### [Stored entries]
lemma sunflower_lemma:
  assumes "finite F" "\<And>A. A \<in> F \<Longrightarrow> finite A" "\<And>A. A \<in> F \<Longrightarrow> card A = m"
    and "q ^ m * fact m < card F"
  shows "\<exists>S K. S \<subseteq> F \<and> card S = q \<and> sunflower K S"
  using assms
proof (induction m arbitrary: F)
  case 0
  then have "F \<subseteq> {{}}" using card_0_eq by blast
  then have "card F \<le> 1" using card_mono[of "{{}}" F] by simp
  with "0.prems"(4) show ?case by simp
next
  case (Suc m)
  show ?case
  proof (cases "\<exists>G \<subseteq> F. sunflower {} G \<and> q \<le> card G")
    case True
    then obtain G where G: "G \<subseteq> F" "sunflower {} G" "q \<le> card G" by blast
    obtain S where "S \<subseteq> G" "card S = q" "finite S"
      using G(3) by (rule obtain_subset_with_card_n)
    then have "S \<subseteq> F \<and> card S = q \<and> sunflower {} S" using G(1) sunflower_subset[OF G(2)] by blast
    then show ?thesis by blast
  next
    case False
    have "q * Suc m * (q ^ m * fact m) < card F" using Suc.prems(4) by (simp add: algebra_simps)
    moreover have "\<And>G. G \<subseteq> F \<Longrightarrow> sunflower {} G \<Longrightarrow> card G < q" using False by auto
    ultimately obtain x where x: "q ^ m * fact m < card {A\<in>F. x \<in> A}"
      using family_without_large_disjoint_subfamily_has_popular_element[OF Suc.prems(1-3)] by blast
    define F' where "F' = (\<lambda>A. A - {x}) ` {A\<in>F. x \<in> A}"
    have "inj_on (\<lambda>A. A - {x}) {A\<in>F. x \<in> A}"
      by (rule inj_onI) (metis (no_types, lifting) insert_Diff mem_Collect_eq)
    then have "q ^ m * fact m < card F'" using x unfolding F'_def by (simp add: card_image)
    moreover have "finite F'" using Suc.prems(1) unfolding F'_def by simp
    moreover have "\<And>A. A \<in> F' \<Longrightarrow> finite A" "\<And>A. A \<in> F' \<Longrightarrow> card A = m"
      using Suc.prems(2,3) unfolding F'_def by auto
    ultimately obtain S' K where S': "S' \<subseteq> F'" "card S' = q" "sunflower K S'"
      using Suc.IH by metis
    have x_notin: "\<And>A. A \<in> S' \<Longrightarrow> x \<notin> A" using S'(1) unfolding F'_def by blast
    have "inj_on (insert x) S'"
    proof (rule inj_onI)
      fix A B assume "A \<in> S'" "B \<in> S'" "insert x A = insert x B"
      then show "A = B" using x_notin by (metis Diff_insert_absorb)
    qed
    then have "card (insert x ` S') = q" using S'(2) by (simp add: card_image)
    moreover have "insert x ` S' \<subseteq> F"
    proof
      fix A' assume "A' \<in> insert x ` S'"
      then obtain A where "A \<in> F" "x \<in> A" "A' = insert x (A - {x})"
        using S'(1) unfolding F'_def by blast
      then show "A' \<in> F" by (simp add: insert_absorb)
    qed
    ultimately show ?thesis using sunflower_insert_image[OF S'(3) x_notin] by blast
  qed
qed

section \<open>Finite matroids\<close>

locale finite_matroid =
  fixes E :: "'a set" and indep :: "'a set \<Rightarrow> bool"
  assumes is_matroid: "matroid E indep"
begin

lemma finite_ground: "finite E"
  using is_matroid by (simp add: matroid_def)

lemma indep_empty: "indep {}"
  using is_matroid by (simp add: matroid_def)

lemma indep_subset_ground: "indep X \<Longrightarrow> X \<subseteq> E"
  using is_matroid by (simp add: matroid_def)

lemma indep_subset: "indep Y \<Longrightarrow> X \<subseteq> Y \<Longrightarrow> indep X"
  using is_matroid unfolding matroid_def by blast

lemma indep_augment: "indep X \<Longrightarrow> indep Y \<Longrightarrow> card X < card Y \<Longrightarrow> \<exists>y\<in>Y - X. indep (insert y X)"
  using is_matroid unfolding matroid_def by blast

lemma indep_finite: "indep X \<Longrightarrow> finite X"
  using finite_subset[OF indep_subset_ground finite_ground] .

lemma circuit_subset_ground: "circuit E indep C \<Longrightarrow> C \<subseteq> E"
  unfolding circuit_def by blast

lemma circuit_finite: "circuit E indep C \<Longrightarrow> finite C"
  using finite_subset[OF circuit_subset_ground finite_ground] .

lemma finite_circuits: "finite {C. circuit E indep C}"
  by (rule finite_subset[of _ "Pow E"]) (use circuit_subset_ground finite_ground in auto)

lemma circuit_nonempty: "circuit E indep C \<Longrightarrow> C \<noteq> {}"
  using indep_empty unfolding circuit_def by blast

lemma circuit_not_subset_indep: "circuit E indep C \<Longrightarrow> indep J \<Longrightarrow> \<not> C \<subseteq> J"
  using indep_subset unfolding circuit_def by blast

lemma extend_to_maximal_indep:
  assumes "indep I" "I \<subseteq> A"
  obtains J where "I \<subseteq> J" "J \<subseteq> A" "indep J" "\<And>y. y \<in> A - J \<Longrightarrow> \<not> indep (insert y J)"
proof -
  let ?\<J> = "{J. I \<subseteq> J \<and> J \<subseteq> A \<and> indep J}"
  have "finite ?\<J>"
    by (rule finite_subset[where B="Pow E"]) (use indep_subset_ground finite_ground in auto)
  moreover have "I \<in> ?\<J>" using assms by simp
  ultimately obtain J where "J \<in> ?\<J>" and maximal: "\<forall>J'\<in>?\<J>. J \<subseteq> J' \<longrightarrow> J = J'"
    using finite_has_maximal[of ?\<J>] by blast
  then have J: "I \<subseteq> J" "J \<subseteq> A" "indep J" by simp_all
  have "\<not> indep (insert y J)" if "y \<in> A - J" for y
  proof
    assume "indep (insert y J)"
    then have "insert y J \<in> ?\<J>" using J that by blast
    then have "J = insert y J" using maximal by (simp add: subset_insertI)
    then show False using that by blast
  qed
  then show thesis using that J by blast
qed

lemma dependent_contains_circuit:
  assumes "Y \<subseteq> E" "\<not> indep Y"
  obtains C where "C \<subseteq> Y" "circuit E indep C"
  using assms
proof (induction "card Y" arbitrary: Y rule: less_induct)
  case less
  show ?case
  proof (cases "\<forall>x\<in>Y. indep (Y - {x})")
    case True
    then have "circuit E indep Y" using less.prems(2,3) unfolding circuit_def by blast
    then show ?thesis using less.prems(1) by blast
  next
    case False
    then obtain x where x: "x \<in> Y" "\<not> indep (Y - {x})" by blast
    have "card (Y - {x}) < card Y"
      using finite_subset[OF less.prems(2) finite_ground] x(1) by (rule card_Diff1_less)
    then show ?thesis using less.hyps[of "Y - {x}"] less.prems x(2) by blast
  qed
qed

### [EXERCISE DETAILS]
Looking at the records above, report how many lines contain the word "metis". Answer with the number only.

### [EXERCISE RESPONSE]
3